The Call of the Wild

Few were surprised that the 20th Century-Fox film The Call of the Wild (1935) strays as far as it does from its source, Jack London's celebrated novel. The book, published in 1903, has as its lead character a St. Bernard-Scotch Collie dog named Buck; humans, most of whom are cruel to the dog, are supporting characters. The Fox film, directed by William Wellman, features a traditionally structured Hollywood screenplay that pushes Buck to a role in support of stars Clark Gable, Loretta Young and Jack Oakie. Fortunately, Gene Fowler's script is solid and the result is a gripping adventure yarn, benefiting from likable characters, plenty of outdoor location photography and a real chemistry between the two leads. That chemistry resulted in one of the best-kept secrets in Hollywood history; had it not been well kept at the time, two famous careers could have been essentially destroyed.

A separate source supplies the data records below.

lemma fluctuation_maximal_inequality:
  assumes SM: "search_model M m P N f g Ru U Y" and adm: "admissible M K P Ru U N Y phi"
    and k: "k < M" and f: "f \<in> borel_measurable N" "\<And>x. 0 \<le> f x"
    and g: "g \<in> borel_measurable N" "\<And>x. 0 \<le> g x"
    and mgf: "\<exists>\<delta>>0. \<forall>s. \<bar>s\<bar> < \<delta> \<longrightarrow>
           integrable N (\<lambda>x. f x * exp (s * LLR f g x)) \<and>
           integrable N (\<lambda>x. g x * exp (s * LLR f g x))"
    and lam: "0 < lam"
  shows "measure P {\<omega> \<in> space P. \<exists>t\<in>{1..n}. lam \<le> fluctuation M N f g phi Y m k t \<omega>}
    \<le> real n * fluctuation_variance M N f g m k / lam\<^sup>2"
proof -
  obtain \<delta> where \<delta>: "0 < \<delta>" and \<delta>_mgf: "\<And>s. \<bar>s\<bar> < \<delta> \<Longrightarrow>
      integrable N (\<lambda>x. f x * exp (s * LLR f g x)) \<and> integrable N (\<lambda>x. g x * exp (s * LLR f g x))"
    using mgf by blast
  let ?h = "cell_density m f g k"
  have law: "distributed P N (Y k t) (\<lambda>x. ennreal (?h x))" if "1 \<le> t" for t
    using search_modelD(3)[OF SM k that] unfolding cell_density_def by (cases "k = m") simp_all
  have mgf_pos: "integrable N (\<lambda>x. ?h x * exp (\<delta> / 2 * LLR f g x))"
    and mgf_neg: "integrable N (\<lambda>x. ?h x * exp (- (\<delta> / 2) * LLR f g x))"
    using \<delta>_mgf[of "\<delta> / 2"] \<delta>_mgf[of "- (\<delta> / 2)"] \<delta> by (auto simp: cell_density_def)
  have "?h x \<ge> 0" for x
    using f g by (simp add: cell_density_def)
  from cell_maximal_inequality[where c = "gap_weight M m k" and n = n,
      OF SM adm k law this f(1) g(1) _ mgf_pos mgf_neg lam] \<delta>
  show ?thesis
    unfolding fluctuation_def fluctuation_variance_def llr_mean_def by simp
qed
definition ultrafilter :: "'r set set \<Rightarrow> bool" where
  "ultrafilter U \<longleftrightarrow>
     UNIV \<in> U \<and>
     (\<forall>R1 R2. R1 \<in> U \<and> R1 \<subseteq> R2 \<longrightarrow> R2 \<in> U) \<and>
     (\<forall>R1 R2. R1 \<in> U \<and> R2 \<in> U \<longrightarrow> R1 \<inter> R2 \<in> U) \<and>
     (\<forall>R. R \<in> U \<or> - R \<in> U)"

text \<open>Free variables are named by naturals (an infinite supply), bound variables
  are de Bruijn indices.\<close>

datatype 'f tm = Var nat | BVar nat | Fn 'f "'f tm list"

datatype ('r, 'f, 'p) fm =
    Atom 'p "'f tm list"
  | Neg "'r \<Rightarrow> 'r" "('r, 'f, 'p) fm"
  | Conj "'r set set" "('r, 'f, 'p) fm" "('r, 'f, 'p) fm"
  | Imp "'r \<Rightarrow> 'r" "'r set set" "('r, 'f, 'p) fm" "('r, 'f, 'p) fm"
  | All "'r set set" "('r, 'f, 'p) fm"

fun open_tm :: "nat \<Rightarrow> 'f tm \<Rightarrow> 'f tm \<Rightarrow> 'f tm" where
  "open_tm k u (Var x) = Var x"
| "open_tm k u (BVar i) = (if i = k then u else BVar i)"
| "open_tm k u (Fn f ts) = Fn f (map (open_tm k u) ts)"

fun open_fm :: "nat \<Rightarrow> 'f tm \<Rightarrow> ('r, 'f, 'p) fm \<Rightarrow> ('r, 'f, 'p) fm" where
  "open_fm k u (Atom p ts) = Atom p (map (open_tm k u) ts)"
| "open_fm k u (Neg f A) = Neg f (open_fm k u A)"
| "open_fm k u (Conj U A B) = Conj U (open_fm k u A) (open_fm k u B)"
| "open_fm k u (Imp f U A B) = Imp f U (open_fm k u A) (open_fm k u B)"
| "open_fm k u (All U A) = All U (open_fm (Suc k) u A)"

text \<open>A[t/x] for the variable bound by the outermost quantifier.\<close>
abbreviation inst :: "('r, 'f, 'p) fm \<Rightarrow> 'f tm \<Rightarrow> ('r, 'f, 'p) fm" where
  "inst A t \<equiv> open_fm 0 t A"

fun fv_tm :: "'f tm \<Rightarrow> nat set" where
  "fv_tm (Var x) = {x}"
| "fv_tm (BVar i) = {}"
| "fv_tm (Fn f ts) = (\<Union>t\<in>set ts. fv_tm t)"

fun fv_fm :: "('r, 'f, 'p) fm \<Rightarrow> nat set" where
  "fv_fm (Atom p ts) = (\<Union>t\<in>set ts. fv_tm t)"
| "fv_fm (Neg f A) = fv_fm A"
| "fv_fm (Conj U A B) = fv_fm A \<union> fv_fm B"
| "fv_fm (Imp f U A B) = fv_fm A \<union> fv_fm B"
| "fv_fm (All U A) = fv_fm A"

fun lc_tm :: "nat \<Rightarrow> 'f tm \<Rightarrow> bool" where
  "lc_tm k (Var x) = True"
| "lc_tm k (BVar i) = (i < k)"
| "lc_tm k (Fn f ts) = (\<forall>t\<in>set ts. lc_tm k t)"

fun lc_fm :: "nat \<Rightarrow> ('r, 'f, 'p) fm \<Rightarrow> bool" where
  "lc_fm k (Atom p ts) = (\<forall>t\<in>set ts. lc_tm k t)"
| "lc_fm k (Neg f A) = lc_fm k A"
| "lc_fm k (Conj U A B) = (lc_fm k A \<and> lc_fm k B)"
| "lc_fm k (Imp f U A B) = (lc_fm k A \<and> lc_fm k B)"
| "lc_fm k (All U A) = lc_fm (Suc k) A"

fun ufs_ok :: "('r, 'f, 'p) fm \<Rightarrow> bool" where
  "ufs_ok (Atom p ts) = True"
| "ufs_ok (Neg f A) = ufs_ok A"
| "ufs_ok (Conj U A B) = (ultrafilter U \<and> ufs_ok A \<and> ufs_ok B)"
| "ufs_ok (Imp f U A B) = (ultrafilter U \<and> ufs_ok A \<and> ufs_ok B)"
| "ufs_ok (All U A) = (ultrafilter U \<and> ufs_ok A)"

definition mrl_fm :: "('r, 'f, 'p) fm \<Rightarrow> bool" where
  "mrl_fm A \<longleftrightarrow> ufs_ok A \<and> lc_fm 0 A"

definition mrl_tm :: "'f tm \<Rightarrow> bool" where
  "mrl_tm t \<longleftrightarrow> lc_tm 0 t"

type_synonym ('r, 'f, 'p) sequent = "('r set \<times> ('r, 'f, 'p) fm) multiset"

definition fv_seq :: "('r, 'f, 'p) sequent \<Rightarrow> nat set" where
  "fv_seq \<Gamma> = (\<Union>iA\<in>set_mset \<Gamma>. fv_fm (snd iA))"

inductive derivable :: "('r, 'f, 'p) sequent \<Rightarrow> bool" where
  Id: "\<lbrakk> Rs \<noteq> [];
         \<forall>i<length Rs. \<forall>j<length Rs. i \<noteq> j \<longrightarrow> Rs ! i \<inter> Rs ! j = {};
         \<Union> (set Rs) = UNIV \<rbrakk>
       \<Longrightarrow> derivable (\<Gamma> + mset (map (\<lambda>R. (R, Atom p ts)) Rs))"
| Weaken: "derivable (\<Gamma> + {#(R, A), (R, A)#}) \<Longrightarrow> derivable (\<Gamma> + {#(R, A)#})"
| NegR: "derivable (\<Gamma> + {#(f -` R, A)#}) \<Longrightarrow> derivable (\<Gamma> + {#(R, Neg f A)#})"
| ConjNegL: "\<lbrakk> R \<notin> U; derivable (\<Gamma> + {#(R, A)#}) \<rbrakk>
       \<Longrightarrow> derivable (\<Gamma> + {#(R, Conj U A B)#})"
| ConjNegR: "\<lbrakk> R \<notin> U; derivable (\<Gamma> + {#(R, B)#}) \<rbrakk>
       \<Longrightarrow> derivable (\<Gamma> + {#(R, Conj U A B)#})"
| ConjPos: "\<lbrakk> R \<in> U; derivable (\<Gamma> + {#(R, A)#}); derivable (\<Gamma> + {#(R, B)#}) \<rbrakk>
       \<Longrightarrow> derivable (\<Gamma> + {#(R, Conj U A B)#})"
| ImpNeg: "\<lbrakk> R \<notin> U; derivable (\<Gamma> + {#(f -` R, A), (R, B)#}) \<rbrakk>
       \<Longrightarrow> derivable (\<Gamma> + {#(R, Imp f U A B)#})"
| ImpPos: "\<lbrakk> R \<in> U; derivable (\<Gamma>1 + {#(f -` R, A)#}); derivable (\<Gamma>2 + {#(R, B)#}) \<rbrakk>
       \<Longrightarrow> derivable (\<Gamma>1 + \<Gamma>2 + {#(R, Imp f U A B)#})"
| AllNeg: "\<lbrakk> R \<notin> U; mrl_tm t; derivable (\<Gamma> + {#(R, inst A t)#}) \<rbrakk>
       \<Longrightarrow> derivable (\<Gamma> + {#(R, All U A)#})"
| AllPos: "\<lbrakk> R \<in> U; x \<notin> fv_seq \<Gamma>; x \<notin> fv_fm A;
            derivable (\<Gamma> + {#(R, inst A (Var x))#}) \<rbrakk>
       \<Longrightarrow> derivable (\<Gamma> + {#(R, All U A)#})"

end

theory Submission
  imports Defs "HOL-Combinatorics.Transposition"
begin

Fox studio head Darryl F. Zanuck borrowed Clark Gable from Metro-Goldwyn-Mayer for the lead part in The Call of the Wild after Fredric March was first considered. Gable had recently been loaned out to Columbia Pictures for the lead role in the Frank Capra screwball comedy hit It Happened One Night (1934) and was well on his way to establishing his reputation as a rugged outdoorsman in his personal life, often pictured hunting and fishing in the fan magazines. Wellman was a like-minded sportsman and adventurer, and had his friend Fowler fill the script with he-man-styled humor and episodes. Set in the turn-of-the-century Gold Rush era, prospector Jack Thornton (Clark Gable) is seen gambling his money away in a game of cards. He decides not to give up on prospecting when he runs into an old friend, Shorty Hoolihan (Jack Oakie). Shorty has done time for mail tampering, but in doing so he found out about an unclaimed gold mine; he has a map copied from a letter to John Blake (Frank Conroy) of San Francisco. Blake and his wife Claire (Loretta Young) have also come to the Yukon to find the location and claim the mine. When Jack and Shorty put together their supplies, they attempt to buy a dog team, including an irascible St. Bernard named Buck. A sadistic English prospector named Smith (Reginald Owen) has it out for the dog; he wants to buy him just to shoot him. Jack buys Buck instead and later wins a bet with Smith that Buck can pull a sled with a thousand-pound load. John Blake becomes lost and presumed dead while looking for food so Claire joins forces with Jack and Shorty. Smith, meanwhile, learns of the Blake mine and has plans for it himself.

Wellman wanted to escape the standard studio-bound look for The Call of the Wild and had planned to shoot nearly the entire picture on location in the Pacific Northwest, with the base of Mount Baker, Washington substituting for the Yukon Territory. A large contingent of eighty members of the cast and crew spent nearly a month on the site. Blizzards prevented Wellman from getting the percentage of footage he wanted, although the final film contains many striking shots with the Mt. Baker background. Shooting was completed on soundstages, with additional outdoor shots taken at Feather River, California and on the "Western Street" of Universal Studio's backlot.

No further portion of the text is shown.